Combine the following in a smaller bowl and whisk well:

60g whole egg (I use one whole egg of minimum weight 67g each)
65g water (I just use 1/4 cup)
75g Tang Zhong or Water Roux Starter

Pour the wet mixture into the dry mixture and whisk until you find it hard to whisk before transferring everything out onto a clean surface and knead away! Don't use a bread machine like the book. Enjoy the process of kneading and doing things with bare hands. everyone knows I said that because I don't have a bread machine and I badly need one (I hope Aaron is reading this or any other kind readers would do too!!!) and because Sam is the one kneading it!!! Just kidding, not wanting to be mean. Sorry Sam! I could see you knead hard and gluten was definitely developed :)

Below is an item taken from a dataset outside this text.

(* Let $(\Omega,\mathbb B(\Omega),\mu,T)$ be a measure-preserving dynamical system and $\mathbf X$ an $\mathbb R^N$-valued random vector on $(\Omega,\mathbb B(\Omega))$ such that $h_\mu(T)=\lim_{d\to\infty}h_\mu(T,\mathcal P^{\mathbf X}(d))$, and such that either (a) there is $d_0\in\mathbb N$ with $h^{\mathbf X}_\mu(T,d)\ge h^{\mathbf X}_\mu(T,d+1)$ for all $d\ge d_0$, or (b) $\lim_{d\to\infty}h^{\mathbf X}_{\mu,\triangle}(T,d)$ exists. If $h_\mu(T)=\limsup_{d\to\infty}h^{\mathbf X}_\mu(T,d)$, then $h_\mu(T)=\limsup_{d\to\infty}h^{\mathbf X}_{\mu,\mathrm{cond}}(T,d)$.
   Context: A measure-preserving dynamical system $(\Omega,\mathbb B(\Omega),\mu,T)$ consists of a nonempty topological space $\Omega$ with Borel $\sigma$-algebra $\mathbb B(\Omega)$, a probability measure $\mu$, and a measurable map $T:\Omega\to\Omega$ with $\mu(T^{-1}B)=\mu(B)$ for all $B\in\mathbb B(\Omega)$. For a finite partition $\mathcal P=\{P_0,\dots,P_l\}\subset\mathbb B(\Omega)$ of $\Omega$: $H(\mathcal P)=-\sum_{P\in\mathcal P}\mu(P)\ln\mu(P)$ (with $0\ln0=0$); $\mathcal P_n$ is the partition consisting of the sets $P_{a_0}\cap T^{-1}(P_{a_1})\cap\dots\cap T^{-(n-1)}(P_{a_{n-1}})$, $a_i\in\{0,\dots,l\}$; $h_\mu(T,\mathcal P)=\lim_{n\to\infty}(H(\mathcal P_{n+1})-H(\mathcal P_n))$; the Kolmogorov–Sinai entropy is $h_\mu(T)=\sup_{\mathcal P}h_\mu(T,\mathcal P)$ over finite partitions. Let $\Pi_d$ be the set of permutations of $\{0,1,\dots,d\}$. A vector $(x_0,\dots,x_d)\in\mathbb R^{d+1}$ has ordinal pattern $\pi=(r_0,\dots,r_d)\in\Pi_d$ if $x_{r_0}\ge x_{r_1}\ge\dots\ge x_{r_d}$ and $r_{l-1}>r_l$ whenever $x_{r_{l-1}}=x_{r_l}$. For a random vector $\mathbf X=(X_1,\dots,X_N)$ and $d\in\mathbb N$, the ordinal partition $\mathcal P^{\mathbf X}(d)$ consists of the sets $P_{(\pi_1,\dots,\pi_N)}=\{\omega: (X_i(T^{d}\omega),X_i(T^{d-1}\omega),\dots,X_i(T\omega),X_i(\omega))\text{ has ordinal pattern }\pi_i\text{ for } i=1,\dots,N\}$, $\pi_i\in\Pi_d$. Permutation entropy: $h^{\mathbf X}_\mu(T,d)=\frac1d H(\mathcal P^{\mathbf X}(d))$. Sorting entropy: $h^{\mathbf X}_{\mu,\triangle}(T,d)=H(\mathcal P^{\mathbf X}(d+1))-H(\mathcal P^{\mathbf X}(d))$. Conditional entropy of ordinal patterns: $h^{\mathbf X}_{\mu,\mathrm{cond}}(T,d)=H(\mathcal P^{\mathbf X}(d)_2)-H(\mathcal P^{\mathbf X}(d))$. *)

theory Defs
  imports "HOL-Probability.Probability"
begin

Once it forms a smooth mixture, add in 45g softened unsalted butter (remove 1 tsp salt if using salted butter, that's what I would do next time. Bread came out a little salty just now but still tasty) and knead till a smooth glossy, satiny ball of dough is formed. Add bread flour only if necessary and very sticky. All the kneading with hand will probably take up approximately 20-30mins, that's how long Sam kneaded just now!

Smooth out dough and place ball of dough, seams side down in a lightly greased bowl. Cling wrap it and let it rise until double in size and pass the finger test, that is, when you poke the mixture, it doesn't shrink back and the hole remains visible. Ours was a little too wet, probably could do with more flour Sam but it's okay, still yummy!

Punch out all air bubbles from dough with your fist and knead it briefly. Weigh each portion to approximately 50g or so. I managed to get 11 balls. Wrap up with the curry chicken filling and seal the seams well to prevent leakage. Very loosely wrap a strip of pandan leaf across the centre of the oblong shaped bun. Place it on a greased tray. Repeat with the rest until finished.

Glaze it with : 1 egg + 1/8 tsp salt
Now, let it rise again until double in size. When doubled, bake it in a preheated oven at 200°C for 15mins.

Curry Chicken Filling
(adapted from Agnes Chang book, I Can Bake)

2 tbsp oil

2 tbsp curry powder, mixed with 3 tbsp water
1 big onion, chopped
1 sprig curry leaves

200g chicken meat, cut into small cubes
2 boiled potatoes, peeled and cubed smallish
1 tsp chicken stock granules
1/2 tsp salt
3 tbsp water

Stir fry A with the 2 tbsp oil until fragrant. Add in B and stir fry until dry. Do a taste test and dish up. Leave it to cool and set aside.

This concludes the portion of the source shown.